::: Recorded data

(* Let $n\geq1$. The submonoid $\Sigma_n$ of $\mathcal{B}_{n+1}$ is an Ore monoid, and its group of fractions is isomorphic to $\mathcal{B}_{n+1}$ (via the map induced by the inclusion $\Sigma_n\subseteq\mathcal{B}_{n+1}$).
   Context: $\mathcal{B}_{n+1}$ is the braid group on $n+1$ strands with standard Artin generators $\sigma_1,\dots,\sigma_n$; $\Sigma_n$ is its submonoid generated by $\sigma_1,\ \sigma_1\sigma_2,\ \dots,\ \sigma_1\sigma_2\cdots\sigma_n$. An Ore monoid is a monoid that is left- and right-cancellative and in which any two elements admit a common left-multiple (an element $a'a=b'b$). *)

theory Defs
  imports "HOL-Algebra.Algebra"
begin

text \<open>A letter (i, True) stands for sigma_i, (i, False) for sigma_i inverse,
  with 1 <= i < m.\<close>

definition braid_letters :: "nat \<Rightarrow> (nat \<times> bool) set" where
  "braid_letters m = {(i, b). 1 \<le> i \<and> i < m}"

definition braid_words :: "nat \<Rightarrow> (nat \<times> bool) list set" where
  "braid_words m = {w. set w \<subseteq> braid_letters m}"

::::::

— Exercise aim —
Write every entry out again exactly.

— Exercise answer —
(* Let $n\geq1$. The submonoid $\Sigma_n$ of $\mathcal{B}_{n+1}$ is an Ore monoid, and its group of fractions is isomorphic to $\mathcal{B}_{n+1}$ (via the map induced by the inclusion $\Sigma_n\subseteq\mathcal{B}_{n+1}$).
   Context: $\mathcal{B}_{n+1}$ is the braid group on $n+1$ strands with standard Artin generators $\sigma_1,\dots,\sigma_n$; $\Sigma_n$ is its submonoid generated by $\sigma_1,\ \sigma_1\sigma_2,\ \dots,\ \sigma_1\sigma_2\cdots\sigma_n$. An Ore monoid is a monoid that is left- and right-cancellative and in which any two elements admit a common left-multiple (an element $a'a=b'b$). *)

theory Defs
  imports "HOL-Algebra.Algebra"
begin

text \<open>A letter (i, True) stands for sigma_i, (i, False) for sigma_i inverse,
  with 1 <= i < m.\<close>

definition braid_letters :: "nat \<Rightarrow> (nat \<times> bool) set" where
  "braid_letters m = {(i, b). 1 \<le> i \<and> i < m}"

definition braid_words :: "nat \<Rightarrow> (nat \<times> bool) list set" where
  "braid_words m = {w. set w \<subseteq> braid_letters m}"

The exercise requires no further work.